Lendas Escoteiras.
Margarida, um jagunço do Sertão.
(Uma história quase real).
Prologo: - Minhas
histórias têm verdades, tem sonhos, tem simplicidade e tem imaginação. Muitos
me perguntam se foi verdade. Respondo que a verdade está na mente de cada um.
Sherazade, da antiga pérsia com sua beleza e inteligência fascinou o rei ao
narrar histórias fantásticas das mil noites. Dizem que ela teve a vida poupada
e ganhou o eterno amor do Rei Shariar! Acreditem se quiserem!
- Conheço o caminho disse Boca Larga.
Quando Escoteiro eu e minha patrulha entramos na trilha do Lobo e em menos de cinco
horas saímos próximo a Malacacheta. Pela estrada do Rei iremos demorar mais de
doze horas. Cento e cinquenta quilômetros só de subida. – Cabeçudo o sub
Monitor concordou. Ele também já tinha percorrido a trilha do lobo. Unha Grande
o intendente ficou em duvida. – Tem quanto tempo que vocês passaram por lá?

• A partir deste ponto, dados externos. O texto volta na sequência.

(* Let $(p_n)_n$, $(q_n)_n$ be real sequences with $0<p_n,q_n\le 1$, $p_nq_n\to 0$ and $\frac{p_nq_n^2n}{\log n}\to\infty$ as $n\to\infty$. Let $\rho_n=\frac{p_nq_n^2n}{1+\log n}$ and $r_n=\lceil \rho_n^{-1/3}p_n^{-1}\rceil$. Let $(F_n)_n$ and $(s_n)_n$ be real sequences with $F_n=O(p_nq_nn)$, $s_n=q_n(1+o(1))$, and $F_ns_n$ a nonnegative integer for every $n$, and let $B_n\sim\mathrm{Bin}(F_ns_n,(1-p_n)^{r_n})$. Then for every $\varepsilon>0$, \[ P\bigl(|B_n+F_n(1-s_n)-F_n(1-p_nq_n)^{r_n}|>\varepsilon p_n^2q_n^2nr_n\bigr)=o\!\left(\frac{p_n^2q_nr_n}{n^2}\right)\quad (n\to\infty). \]
   Context: $\mathrm{Bin}(m,\theta)$ denotes the binomial distribution with $m$ trials and success probability $\theta$. Asymptotic notations $o$, $O$ refer to $n\to\infty$. *)

theory Defs
  imports "HOL-Probability.Probability" "HOL-Library.Landau_Symbols"
begin

definition rho_seq :: "(nat \<Rightarrow> real) \<Rightarrow> (nat \<Rightarrow> real) \<Rightarrow> nat \<Rightarrow> real" where
  "rho_seq p q n = p n * (q n)^2 * real n / (1 + ln (real n))"

definition r_seq :: "(nat \<Rightarrow> real) \<Rightarrow> (nat \<Rightarrow> real) \<Rightarrow> nat \<Rightarrow> nat" where
  "r_seq p q n = nat \<lceil>(rho_seq p q n) powr (-1/3) / p n\<rceil>"

end

theory Submission
  imports Defs
begin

Dois três quatro anos? Será que a trilha ainda existe? - Nariz Longo o Monitor
pensava no que todos diziam. Cabeludo o cozinheiro nunca dizia nada, sempre
calado. - Se formos iremos em cinco. Dedo Duro não vai, seu pai vai viajar e
resolveu levá-lo consigo. Esta jornada não estava no programa. Foi o Chefe Sansão
quem nos disse que soubera de um novo Grupo Escoteiro em Malacacheta. – Porque
não vão lá e confirmem se realmente tem um Grupo Escoteiro? Afinal fazer novos
amigo escoteiros não vale a jornada?
Ninguém nunca tinha
ido a Malacacheta. Seu Tonico motorista do ônibus foi quem nos contou como era
o caminho. – Olhe são quase cento e cinquenta quilômetros. O ruim é que é
subida e descida. Tem a Serra do Quati que têm bem uns quatro quilômetros só de
subida. Nariz Longo pôs em votação. Vamos pela estrada ou pela trilha do lobo?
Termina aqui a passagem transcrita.